= Action for Climate Empowerment =

Action for Climate Empowerment (ACE) is a term adopted by the United Nations Framework Convention on Climate Change (UNFCCC). It refers to Article 6 of the Convention's original text (1992), focusing on six priority areas: education, training, public awareness, public participation, public access to information, and international cooperation on these issues. The implementation of all six areas has been identified as the pivotal factor for everyone to understand and participate in solving the complex challenges presented by climate change. The importance of ACE is reflected in other international frameworks such as the Sustainable Development Goals (SDGs, 2015); the Global Action Programme for Education for Sustainable Development (GAP on ESD, 2014); the Aarhus Convention (2011); the Escazú Agreement (2018) and the Bali Guidelines (2010).

ACE calls on governments to develop and implement educational and public awareness programmes, train scientific, technical and managerial personnel, foster access to information, and promote public participation in addressing climate change and its effects. It also urges countries to cooperate in this process, by exchanging good practices and lessons learned, and strengthening national institutions. This wide scope of activities is guided by specific objectives that, together, are seen as crucial for effectively implementing climate adaptation and mitigation actions, and for achieving the ultimate objective of the UNFCCC.

== History ==
Article 6 has been part of the UNFCCC since the Convention's text was adopted on 9 May 1992. The importance of international cooperation in achieving Article 6 was emphasised in Article 10(e) of the Kyoto Protocol, adopted in 1997. In New Delhi, 2002, the eighth Conference of the Parties (COP 8) adopted the 'New Delhi Work Programme' (2002–2007) – to serve as a flexible framework for country-driven action on Article 6 in addressing the specific needs and circumstances of Parties, and reflecting their national priorities and initiatives. In 2007, COP 13 (in Bali) amended the New Delhi work programme and extended it for five years (2007-2012) and requested that regional workshops be organized by the UNFCCC secretariat as part of the review of the work programme, and to share lessons learned and best practices. Workshops were held in Europe (2009), Asia and the Pacific (2009), Small Island Developing States (2010), Africa (2010), and Latin America and the Caribbean (2010).

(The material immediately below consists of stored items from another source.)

lemma plotkin_rows_attains:
  assumes gen1: "generates_code N k1 d1 B1" and gen2: "generates_code N k2 d2 B2" and "\<mu> \<noteq> 1"
    and attained1: "\<exists>u\<in>range (lincomb k1 B1). u \<noteq> 0 \<and> wt N u = d1"
    and attained: "2 * d1 \<le> d2 \<or> \<mu> = 0 \<and> (\<exists>v\<in>range (lincomb k2 B2). v \<noteq> 0 \<and> wt N v = d2)"
  shows "\<exists>c\<in>range (lincomb (k1 + k2) (plotkin_rows \<mu> N k1 B1 B2)). c \<noteq> 0 \<and> wt (2 * N) c = min (2 * d1) d2"
proof -
  have vecs: "u \<in> vecs N" "v \<in> vecs N" if "u \<in> range (lincomb k1 B1)" "v \<in> range (lincomb k2 B2)" for u v
    using that gen1 gen2 lincomb_in_vecs by (auto simp: generates_code_def)
  show ?thesis
  proof (cases "2 * d1 \<le> d2")
    case True
    obtain u where "u \<in> range (lincomb k1 B1)" "u \<noteq> 0" "wt N u = d1"
      using attained1 by blast
    then show ?thesis
      using True zero_in_range_lincomb[of k2 B2] plotkin_eq_0_iff[OF vecs \<open>\<mu> \<noteq> 1\<close>]
      unfolding range_lincomb_plotkin_rows
      by (intro bexI[of _ "plotkin \<mu> N u 0"]) (auto simp: wt_plotkin)
  next
    case False
    then obtain v where "\<mu> = 0" "v \<in> range (lincomb k2 B2)" "v \<noteq> 0" "wt N v = d2"
      using attained by blast
    then show ?thesis
      using False zero_in_range_lincomb[of k1 B1] plotkin_eq_0_iff[OF vecs \<open>\<mu> \<noteq> 1\<close>]
      unfolding range_lincomb_plotkin_rows
      by (intro bexI[of _ "plotkin \<mu> N 0 v"]) (auto simp: wt_plotkin)
  qed
qed

lemma plotkin_code:
  fixes B1 B2 :: "nat \<Rightarrow> nat \<Rightarrow> 'a::field" and \<mu> :: 'a
  assumes char: "(2::'a) = 0" and frob: "\<And>x y :: 'a. (x + y) ^ q = x ^ q + y ^ q"
    and inv: "\<And>x :: 'a. x ^ (q * q) = x"
    and gen1: "generates_code N k1 d1 B1" and gen2: "generates_code N k2 d2 B2" and "\<mu> \<noteq> 1"
    and orth: "\<And>u v. u \<in> range (lincomb k1 B1) \<Longrightarrow> v \<in> range (lincomb k2 B2) \<Longrightarrow> herm_inner q N u v = 0"
    and orth2: "\<mu> ^ (q + 1) = 1 \<or> herm_self_orth q N (range (lincomb k2 B2))"
    and attained1: "\<exists>u\<in>range (lincomb k1 B1). u \<noteq> 0 \<and> wt N u = d1"
    and attained: "2 * d1 \<le> d2 \<or> \<mu> = 0 \<and> (\<exists>v\<in>range (lincomb k2 B2). v \<noteq> 0 \<and> wt N v = d2)"
  shows "\<exists>C :: (nat \<Rightarrow> 'a) set. linear_code (2 * N) (k1 + k2) (min (2 * d1) d2) C \<and> herm_self_orth q (2 * N) C"
proof -
  let ?C = "range (lincomb (k1 + k2) (plotkin_rows \<mu> N k1 B1 B2))"
  have "herm_inner q N v u = 0" if "u \<in> range (lincomb k1 B1)" "v \<in> range (lincomb k2 B2)" for u v
    using herm_inner_swap[OF frob inv, where x = u and y = v] orth[OF that] frobenius_zero[OF frob]
    by simp
  then have "herm_self_orth q (2 * N) ?C"
    using orth orth2 char
    by (auto simp: range_lincomb_plotkin_rows herm_self_orth_def herm_inner_plotkin[OF char frob])
  moreover have "linear_code (2 * N) (k1 + k2) (min (2 * d1) d2) ?C"
    using linear_code_range_lincomb[OF generates_code_plotkin[OF gen1 gen2 \<open>\<mu> \<noteq> 1\<close>]]
      plotkin_rows_attains[OF gen1 gen2 \<open>\<mu> \<noteq> 1\<close> attained1 attained] by blast
  ultimately show ?thesis
    by blast
qed

section \<open>Generalized Reed-Solomon codes\<close>

definition poly_of :: "nat \<Rightarrow> (nat \<Rightarrow> 'a::field) \<Rightarrow> 'a poly" where
  "poly_of k \<alpha> = (\<Sum>j<k. monom (\<alpha> j) j)"

lemma coeff_poly_of: "coeff (poly_of k \<alpha>) j = (if j < k then \<alpha> j else 0)"
  by (simp add: poly_of_def coeff_sum)

lemma poly_of_eq_0_iff: "poly_of k \<alpha> = 0 \<longleftrightarrow> (\<forall>j<k. \<alpha> j = 0)"
  by (metis coeff_0 coeff_poly_of poly_eqI)

lemma degree_poly_of_less:
  assumes "0 < k"
  shows "degree (poly_of k \<alpha>) < k"
proof -
  have "degree (poly_of k \<alpha>) \<le> k - 1"
    by (rule degree_le) (auto simp: coeff_poly_of)
  then show ?thesis
    using assms by linarith
qed

lemma range_poly_of:
  assumes "0 < k"
  shows "range (poly_of k) = {f :: 'a::field poly. degree f < k}"
proof (intro antisym subsetI)
  fix f :: "'a poly" assume "f \<in> {f. degree f < k}"
  then have "f = poly_of k (coeff f)"
    by (intro poly_eqI) (simp add: coeff_poly_of coeff_eq_0)
  then show "f \<in> range (poly_of k)"
    by blast
qed (use degree_poly_of_less[OF assms] in auto)

definition grs :: "nat \<Rightarrow> (nat \<Rightarrow> 'a) \<Rightarrow> (nat \<Rightarrow> 'a) \<Rightarrow> 'a poly \<Rightarrow> nat \<Rightarrow> 'a::field" where
  "grs N p z f i = (if i < N then z i * poly f (p i) else 0)"

text \<open>Coordinate \<open>N\<close> is the evaluation at infinity: the coefficient of \<open>x ^ (k - 1)\<close>.\<close>

definition ext_grs :: "nat \<Rightarrow> nat \<Rightarrow> (nat \<Rightarrow> 'a) \<Rightarrow> (nat \<Rightarrow> 'a) \<Rightarrow> 'a poly \<Rightarrow> nat \<Rightarrow> 'a::field" where
  "ext_grs k N p z f = (grs N p z f)(N := coeff f (k - 1))"

lemma grs_0 [simp]: "grs N p z 0 = 0"
  by (simp add: fun_eq_iff grs_def)

lemma grs_in_vecs: "grs N p z f \<in> vecs N"
  by (simp add: vecs_def grs_def)

lemma ext_grs_in_vecs: "ext_grs k N p z f \<in> vecs (Suc N)"
  by (simp add: vecs_def ext_grs_def grs_def)

lemma ext_grs_eq_0_iff: "ext_grs k N p z f = 0 \<longleftrightarrow> grs N p z f = 0 \<and> coeff f (k - 1) = 0"
  by (auto simp: ext_grs_def fun_eq_iff grs_def)

lemma lincomb_grs: "lincomb k (\<lambda>j. grs N p z (monom 1 j)) \<alpha> = grs N p z (poly_of k \<alpha>)"
  by (simp add: fun_eq_iff lincomb_apply grs_def poly_of_def poly_sum poly_monom
      sum_distrib_left algebra_simps)

lemma lincomb_ext_grs:
  assumes "0 < k"
  shows "lincomb k (\<lambda>j. ext_grs k N p z (monom 1 j)) \<alpha> = ext_grs k N p z (poly_of k \<alpha>)"
proof -
  have "(\<Sum>j<k. \<alpha> j * coeff (monom 1 j) (k - 1)) = (\<Sum>j<k. if j = k - 1 then \<alpha> j else 0)"
    by (rule sum.cong) auto
  also have "\<dots> = \<alpha> (k - 1)"
    using assms by simp
  finally have "(\<Sum>j<k. \<alpha> j * coeff (monom 1 j) (k - 1)) = \<alpha> (k - 1)" .
  then show ?thesis
    using lincomb_grs[of k N p z \<alpha>]
    by (auto simp: fun_eq_iff lincomb_apply ext_grs_def coeff_poly_of assms)
qed

lemma range_lincomb_grs:
  assumes "0 < k"
  shows "range (lincomb k (\<lambda>j. grs N p z (monom 1 j))) = grs N p z ` {f. degree f < k}"
  unfolding lincomb_grs range_poly_of[OF assms, symmetric] by auto

lemma range_lincomb_ext_grs:
  assumes "0 < k"
  shows "range (lincomb k (\<lambda>j. ext_grs k N p z (monom 1 j))) = ext_grs k N p z ` {f. degree f < k}"
  unfolding lincomb_ext_grs[OF assms] range_poly_of[OF assms, symmetric] by auto

lemma wt_grs_ge:
  assumes inj: "inj_on p {..<N}" and "f \<noteq> 0"
  shows "wt N z - degree f \<le> wt N (grs N p z f)"
proof -
  let ?Z = "{i\<in>{0..<N}. z i \<noteq> 0}"
  let ?R = "{i\<in>?Z. poly f (p i) = 0}"
  have "card ?R = card (p ` ?R)"
    using inj by (intro card_image[symmetric] inj_on_subset[OF inj]) auto
  also have "\<dots> \<le> card {x. poly f x = 0}"
    by (rule card_mono[OF poly_roots_finite[OF \<open>f \<noteq> 0\<close>]]) auto
  also have "\<dots> \<le> degree f"
    by (rule card_poly_roots_bound[OF \<open>f \<noteq> 0\<close>])
  moreover have "card (?Z - ?R) = card ?Z - card ?R"
    by (rule card_Diff_subset) auto
  ultimately have "wt N z - degree f \<le> card (?Z - ?R)"
    unfolding wt_def by linarith
  also have "\<dots> \<le> wt N (grs N p z f)"
    unfolding wt_def by (rule card_mono) (auto simp: grs_def)
  finally show ?thesis .
qed

lemma wt_grs_witness:
  assumes inj: "inj_on p {..<N}" and "j \<le> wt N z"
  obtains f where "degree f = j" "lead_coeff f = 1" "wt N (grs N p z f) = wt N z - j"
proof -
  let ?Z = "{i\<in>{0..<N}. z i \<noteq> 0}"
  obtain T where T: "T \<subseteq> ?Z" "card T = j" "finite T"
    using obtain_subset_with_card_n[of j ?Z] assms(2) unfolding wt_def by blast
  define f where "f = (\<Prod>t\<in>T. [:- p t, 1:])"
  have "degree f = j"
    unfolding f_def using T by (subst degree_prod_sum_eq) auto
  moreover have "lead_coeff f = 1"
    by (simp add: f_def lead_coeff_prod)
  moreover have "poly f (p i) = 0 \<longleftrightarrow> i \<in> T" if "i < N" for i
    using T inj that by (auto simp: f_def poly_prod inj_on_def)
  then have "{i\<in>{0..<N}. grs N p z f i \<noteq> 0} = ?Z - T"
    using T by (auto simp: grs_def)
  then have "wt N (grs N p z f) = wt N z - j"
    using T by (simp add: wt_def card_Diff_subset)
  ultimately show ?thesis
    using that by blast
qed

lemma wt_poly_bij_betw:
  assumes p: "bij_betw p {..<n} (UNIV :: 'a::field set)"
  shows "wt n (\<lambda>i. poly P (p i)) = n - card {x. poly P x = 0}"
proof -
  let ?I = "{i\<in>{0..<n}. poly P (p i) \<noteq> 0}"
  have fin: "finite (UNIV :: 'a set)" "card (UNIV :: 'a set) = n"
    using bij_betw_finite[OF p] bij_betw_same_card[OF p] by auto
  have "card ?I = card (p ` ?I)"
    using p by (intro card_image[symmetric] inj_on_subset[OF bij_betw_imp_inj_on[OF p]]) auto
  also have "p ` ?I = UNIV - {x. poly P x = 0}"
    using p by (auto simp: bij_betw_def)
  also have "card \<dots> = n - card {x. poly P x = 0}"
    using fin card_Diff_subset[of "{x. poly P x = 0}" UNIV] by (simp add: finite_subset)
  finally show ?thesis
    by (simp add: wt_def)
qed

lemma wt_ext_grs_ge:
  assumes inj: "inj_on p {..<N}" and "f \<noteq> 0" "degree f < k" "k \<le> wt N z"
  shows "wt N z + 2 - k \<le> wt (Suc N) (ext_grs k N p z f)"
proof -
  have wt: "wt (Suc N) (ext_grs k N p z f) = wt N (grs N p z f) + (if coeff f (k - 1) = 0 then 0 else 1)"
    by (simp add: ext_grs_def wt_fun_upd_Suc)
  have ge: "wt N z - degree f \<le> wt N (grs N p z f)"
    using wt_grs_ge[OF inj \<open>f \<noteq> 0\<close>] .
  show ?thesis
  proof (cases "coeff f (k - 1) = 0")
    case True
    then have "degree f \<noteq> k - 1"
      using \<open>f \<noteq> 0\<close> by (metis leading_coeff_0_iff)
    then show ?thesis
      using True wt ge assms(3,4) by linarith
  next
    case False
    then have "wt (Suc N) (ext_grs k N p z f) = wt N (grs N p z f) + 1"
      using wt by simp
    then show ?thesis
      using ge assms(3,4) by linarith
  qed
qed

lemma generates_code_grs:
  assumes inj: "inj_on p {..<N}" and "k \<le> wt N z"
  shows "generates_code N k (wt N z + 1 - k) (\<lambda>j. grs N p z (monom 1 j))"
proof -
  have ge: "wt N z + 1 - k \<le> wt N (grs N p z (poly_of k \<alpha>))" if "poly_of k \<alpha> \<noteq> 0" for \<alpha>
  proof -
    have "0 < k"
      using that by (rule contrapos_np) (simp add: poly_of_def)
    then show ?thesis
      using wt_grs_ge[OF inj that, of z] degree_poly_of_less[of k \<alpha>] by linarith
  qed
  have "\<forall>j<k. \<alpha> j = 0" if "lincomb k (\<lambda>j. grs N p z (monom 1 j)) \<alpha> = 0" for \<alpha>
    using ge[of \<alpha>] that \<open>k \<le> wt N z\<close> by (auto simp: lincomb_grs poly_of_eq_0_iff)
  moreover have "wt N z + 1 - k \<le> wt N c"
    if c: "c \<in> range (lincomb k (\<lambda>j. grs N p z (monom 1 j)))" "c \<noteq> 0" for c
  proof -
    obtain \<alpha> where "c = lincomb k (\<lambda>j. grs N p z (monom 1 j)) \<alpha>"
      using c(1) by blast
    then have c_eq: "c = grs N p z (poly_of k \<alpha>)"
      by (simp add: lincomb_grs)
    then have "poly_of k \<alpha> \<noteq> 0"
      using c(2) by auto
    then show ?thesis
      using c_eq ge by simp
  qed
  ultimately show ?thesis
    by (auto simp: generates_code_def grs_in_vecs)
qed

lemma generates_code_ext_grs:
  assumes inj: "inj_on p {..<N}" and "0 < k" "k \<le> wt N z"
  shows "generates_code (Suc N) k (wt N z + 2 - k) (\<lambda>j. ext_grs k N p z (monom 1 j))"
proof -
  have ge: "wt N z + 2 - k \<le> wt (Suc N) (ext_grs k N p z f)" if "f \<noteq> 0" "degree f < k" for f
    using wt_ext_grs_ge[OF inj that assms(3)] .
  have "\<forall>j<k. \<alpha> j = 0" if "lincomb k (\<lambda>j. ext_grs k N p z (monom 1 j)) \<alpha> = 0" for \<alpha>
    using ge[of "poly_of k \<alpha>"] that assms(3) degree_poly_of_less[OF \<open>0 < k\<close>]
    by (auto simp: lincomb_ext_grs[OF \<open>0 < k\<close>] poly_of_eq_0_iff)
  moreover have "wt N z + 2 - k \<le> wt (Suc N) c"
    if c: "c \<in> range (lincomb k (\<lambda>j. ext_grs k N p z (monom 1 j)))" "c \<noteq> 0" for c
  proof -
    obtain f where "c = ext_grs k N p z f" "degree f < k"
      using c(1) unfolding range_lincomb_ext_grs[OF \<open>0 < k\<close>] by blast
    moreover have "f \<noteq> 0"
      using c(2) calculation(1) by (auto simp: ext_grs_eq_0_iff)
    ultimately show ?thesis
      using ge by simp
  qed
  ultimately show ?thesis
    by (auto simp: generates_code_def ext_grs_in_vecs)
qed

In Doha, 2012, COP 18 adopted the eight-year Doha Work Programme on Article 6 of the UNFCCC (2012-2020). This programme invites Parties to designate and provide support, including technical and financial support, and access to information and materials to a National Focal Point for Article 6 of the UNFCCC. Furthermore, Parties agreed to organize an annual in-session Dialogue on Article 6 of the UNFCCC to present and enhance the relevant work. Since 2013, the annual Dialogue has provided a platform for Parties, representatives of relevant bodies established under the UNFCCC and relevant experts, practitioners and stakeholders to share their experiences and exchange ideas, best practices and lessons learned regarding the implementation of the Doha Work Programme.

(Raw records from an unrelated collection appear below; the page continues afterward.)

lemma splitting_embedding:
  assumes "closed P" "P \<noteq> {}"
    and splits: "\<And>x n. x \<in> P \<Longrightarrow> \<exists>a\<in>P. \<exists>b\<in>P. agree n x a \<and> agree n x b \<and> (\<exists>i\<in>I. a i \<noteq> b i)"
  obtains e where "uniform_embedding e" "range e \<subseteq> P" "\<And>z w. z \<noteq> w \<Longrightarrow> \<exists>i\<in>I. e z i \<noteq> e w i"
proof -
  obtain root where "root \<in> P" using assms(2) by blast
  have "\<forall>x n. \<exists>a b i. x \<in> P \<longrightarrow> a \<in> P \<and> b \<in> P \<and> agree n x a \<and> agree n x b \<and> i \<in> I \<and> a i \<noteq> b i"
    using splits by metis
  then obtain left right split_at where choice: "\<And>x n. x \<in> P \<Longrightarrow>
      left x n \<in> P \<and> right x n \<in> P \<and> agree n x (left x n) \<and> agree n x (right x n) \<and>
      split_at x n \<in> I \<and> left x n (split_at x n) \<noteq> right x n (split_at x n)"
    by metis
  interpret splitting_scheme P I root left right split_at
    using \<open>closed P\<close> \<open>root \<in> P\<close> choice by unfold_locales simp_all
  show thesis
    by (rule that[OF uniform_embedding_limit]) (use limit_in limit_separates in auto)
qed

lemma perfect_set_embedding:
  assumes P: "perfect_set P"
  obtains e where "uniform_embedding e" "range e \<subseteq> P"
proof -
  have "\<exists>a\<in>P. \<exists>b\<in>P. agree n x a \<and> agree n x b \<and> (\<exists>i\<in>UNIV. a i \<noteq> b i)" if "x \<in> P" for x n
  proof -
    from P that obtain y where "y \<in> P" "y \<noteq> x" "agree n x y"
      by (auto simp: perfect_set_iff_agree)
    with that show ?thesis by (intro bexI[of _ x] bexI[of _ y]) (auto simp: fun_eq_iff)
  qed
  moreover have "closed P" "P \<noteq> {}" using P by (simp_all add: perfect_set_iff_agree)
  ultimately obtain e where "uniform_embedding e" "range e \<subseteq> P"
    using splitting_embedding by metis
  then show thesis by (rule that)
qed

section \<open>Sets of size less than the continuum\<close>

abbreviation small :: "'a set \<Rightarrow> bool" where
  "small A \<equiv> A \<prec> (UNIV :: (nat \<Rightarrow> bool) set)"

lemma lesspoll_iff_card_of_ordLess: "A \<prec> B \<longleftrightarrow> |A| <o |B|"
proof -
  have "A \<prec> B \<longleftrightarrow> |A| \<le>o |B| \<and> \<not> |A| =o |B|"
    by (simp add: lesspoll_def lepoll_def eqpoll_def card_of_ordLeq[symmetric] card_of_ordIso[symmetric])
  also have "\<dots> \<longleftrightarrow> |A| <o |B|"
    using ordLeq_iff_ordLess_or_ordIso not_ordLess_ordIso by blast
  finally show ?thesis .
qed

lemma infinite_cantor_space: "infinite (UNIV :: (nat \<Rightarrow> bool) set)"
proof
  assume "finite (UNIV :: (nat \<Rightarrow> bool) set)"
  then have "finite (range (\<lambda>n::nat. \<lambda>i. i = n))" by (rule finite_subset[rotated]) simp
  moreover have "inj (\<lambda>n::nat. \<lambda>i. i = n)" by (auto simp: inj_def fun_eq_iff)
  ultimately show False using finite_imageD by fastforce
qed

lemma small_subset: "small A \<Longrightarrow> B \<subseteq> A \<Longrightarrow> small B"
  using lesspoll_trans1[OF subset_imp_lepoll] by blast

lemma small_image: "small A \<Longrightarrow> small (f ` A)"
  using lesspoll_trans1[OF image_lepoll] by blast

lemma small_Un: "small A \<Longrightarrow> small B \<Longrightarrow> small (A \<union> B)"
  unfolding lesspoll_iff_card_of_ordLess by (rule card_of_Un_ordLess_infinite[OF infinite_cantor_space])

lemma small_insert: "small A \<Longrightarrow> small (insert x A)"
  using small_Un[of "{x}" A] finite_lesspoll_infinite[OF infinite_cantor_space, of "{x}"] by simp

lemma not_small_if_inj:
  fixes f :: "(nat \<Rightarrow> bool) \<Rightarrow> 'a"
  assumes "inj f" "range f \<subseteq> A"
  shows "\<not> small A"
proof
  assume "small A"
  moreover have "(UNIV :: (nat \<Rightarrow> bool) set) \<lesssim> A"
    using assms unfolding lepoll_def by blast
  ultimately have "A \<prec> A" by (rule lesspoll_trans2)
  then show False by simp
qed

lemma not_small_UNIV: "\<not> small (UNIV :: (nat \<Rightarrow> bool) set)"
  by (rule not_small_if_inj[of id]) auto

section \<open>Fibres of the even coordinates\<close>

definition evens :: "(nat \<Rightarrow> bool) \<Rightarrow> nat \<Rightarrow> bool" where
  "evens x = (\<lambda>k. x (2 * k))"

definition fiber :: "(nat \<Rightarrow> bool) \<Rightarrow> (nat \<Rightarrow> bool) set" where
  "fiber y = {x. evens x = y}"

lemma mem_fiber_iff: "x \<in> fiber y \<longleftrightarrow> (\<forall>k. x (2 * k) = y k)"
  by (auto simp: fiber_def evens_def)

lemma perfect_set_fiber: "perfect_set (fiber y)"
  unfolding perfect_set_iff_agree
proof (intro conjI ballI allI)
  have "(\<lambda>i. even i \<and> y (i div 2)) \<in> fiber y" by (simp add: mem_fiber_iff)
  then show "fiber y \<noteq> {}" by blast
  show "closed (fiber y)"
    unfolding closed_iff_agree
  proof (intro allI impI)
    fix x assume near: "\<forall>n. \<exists>w\<in>fiber y. agree n x w"
    have "x (2 * k) = y k" for k
    proof -
      from near obtain w where "w \<in> fiber y" "agree (Suc (2 * k)) x w" by blast
      then show ?thesis by (simp add: mem_fiber_iff agree_def)
    qed
    then show "x \<in> fiber y" by (simp add: mem_fiber_iff)
  qed
next
  fix x n assume "x \<in> fiber y"
  define w where "w = x(Suc (2 * n) := \<not> x (Suc (2 * n)))"
  have "2 * k \<noteq> Suc (2 * n)" for k by presburger
  then have "w \<in> fiber y" using \<open>x \<in> fiber y\<close> by (simp add: w_def mem_fiber_iff)
  moreover have "w \<noteq> x" "agree n x w" by (auto simp: w_def agree_def fun_eq_iff)
  ultimately show "\<exists>w\<in>fiber y. w \<noteq> x \<and> agree n x w" by blast
qed

text \<open>The image of each fibre under an embedding into \<open>P\<close> is a perfect subset of \<open>P\<close>;
  these continuum many sets are disjoint, so one of them misses a given small set.\<close>

lemma perfect_subset_avoiding_small:
  assumes P: "perfect_set P" and A: "small A"
  obtains Q where "perfect_set Q" "Q \<subseteq> P" "Q \<inter> A = {}"
proof -
  obtain e where e: "uniform_embedding e" "range e \<subseteq> P"
    using perfect_set_embedding[OF P] by metis
  have "\<exists>y. e ` fiber y \<inter> A = {}"
  proof (rule ccontr)
    assume "\<nexists>y. e ` fiber y \<inter> A = {}"
    then have "\<forall>y. \<exists>z. z \<in> fiber y \<and> e z \<in> A" by blast
    then obtain f where f: "\<And>y. f y \<in> fiber y" "\<And>y. e (f y) \<in> A" by metis
    have "inj f"
    proof (rule injI)
      fix y y' assume "f y = f y'"
      then show "y = y'" using f(1)[of y] f(1)[of y'] by (simp add: fiber_def)
    qed
    with uniform_embedding_inj[OF e(1)] have "inj (e \<circ> f)" by (rule inj_compose)
    moreover have "range (e \<circ> f) \<subseteq> A" using f(2) by auto
    ultimately have "\<not> small A" by (rule not_small_if_inj)
    with A show False by contradiction
  qed
  then obtain y where "e ` fiber y \<inter> A = {}" by blast
  moreover have "perfect_set (e ` fiber y)"
    using e(1) perfect_set_fiber by (rule perfect_set_image_uniform_embedding)
  moreover have "e ` fiber y \<subseteq> P" using e(2) by blast
  ultimately show thesis by (rule that[rotated 2])
qed

definition thin :: "(nat \<Rightarrow> bool) set \<Rightarrow> bool" where
  "thin Q \<longleftrightarrow> (\<exists>y0. \<forall>y. y \<noteq> y0 \<longrightarrow> (\<exists>q. Q \<inter> fiber y \<subseteq> {q}))"

lemma thinI: "(\<And>y. y \<noteq> y0 \<Longrightarrow> \<exists>q. Q \<inter> fiber y \<subseteq> {q}) \<Longrightarrow> thin Q"
  unfolding thin_def by blast

lemma thin_subset:
  assumes "thin Q" "Q' \<subseteq> Q"
  shows "thin Q'"
proof -
  from assms(1) obtain y0 where y0: "\<And>y. y \<noteq> y0 \<Longrightarrow> \<exists>q. Q \<inter> fiber y \<subseteq> {q}"
    unfolding thin_def by blast
  have "\<exists>q. Q' \<inter> fiber y \<subseteq> {q}" if ne: "y \<noteq> y0" for y
  proof -
    obtain q where "Q \<inter> fiber y \<subseteq> {q}" using y0[OF ne] by blast
    then have "Q' \<inter> fiber y \<subseteq> {q}" using assms(2) by blast
    then show ?thesis by blast
  qed
  then show ?thesis by (rule thinI)
qed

In June 2015, at the 3rd annual dialogue on Article 6 in Bonn, it was decided that efforts related to the implementation of Article 6 would be referred to as Action for Climate Empowerment (ACE): a user-friendly, and unmistakable term for referring to Article 6 of the UNFCCC, as opposed to the very important Article 6 of the Paris Agreement. COP 20 In Lima, December 2014 adopted the 'Lima Ministerial Declaration on Education and Awareness-raising', reaffirming the importance of Article 6 of the UNFCCC in meeting its ultimate objective and in promoting climate-resilient sustainable development. In 2015 at COP 21 (Paris) governments agreed to cooperate in taking measures, as appropriate, to enhance climate change-related education, training, public awareness, public participation and public access to information, recognizing the importance of these steps to enhance actions under the Paris Agreement. In 2016, the 4th annual dialogue on ACE was held in Bonn and the intermediate review of the Doha Work Programme was completed. The final review of the Doha Work Programme will be carried out in 2020.
The 5th annual dialogue on ACE was held in Bonn on the 15 and 16 May with the topics 'education', 'training' and 'international cooperation'.

The Glasgow work programme on Action for Climate Empowerment was approved at COP26, a framework that will now guide national work on ACE. It contains four priority areas:
1. Policy Coherence
2. Coordinated Action
3. Tools and Support
4. Monitoring, Evaluation, and Reporting

Parties will now engage in designing action plans to implement this work both globally and within their respective nations. Work leading into the formation of the Glasgow work programme highlighted the intersectional issues of justice; however, not all of these were implemented within the official document that was agreed to at COP26.

== The six elements of ACE ==
ACE addresses all six priority areas of Article 6: education, training, public awareness, public access to information, public participation, international cooperation. Education enables people to understand the causes and consequences of climate change, to make informed decisions and to take appropriate actions to address climate change. Training provides the technical skills and advanced knowledge needed to support the transition to green economies and sustainable, climate-resilient societies. Successful public awareness campaigns engage communities and individuals in the common effort needed to carry out national and international climate change policies. Ensuring public participation in decision-making and public access to information provides people with the tools and opportunities they need to play a more active role. These elements can all be strengthened through international cooperation. Governments and organizations can support each other with resources, ideas and inspiration for developing climate action programmes.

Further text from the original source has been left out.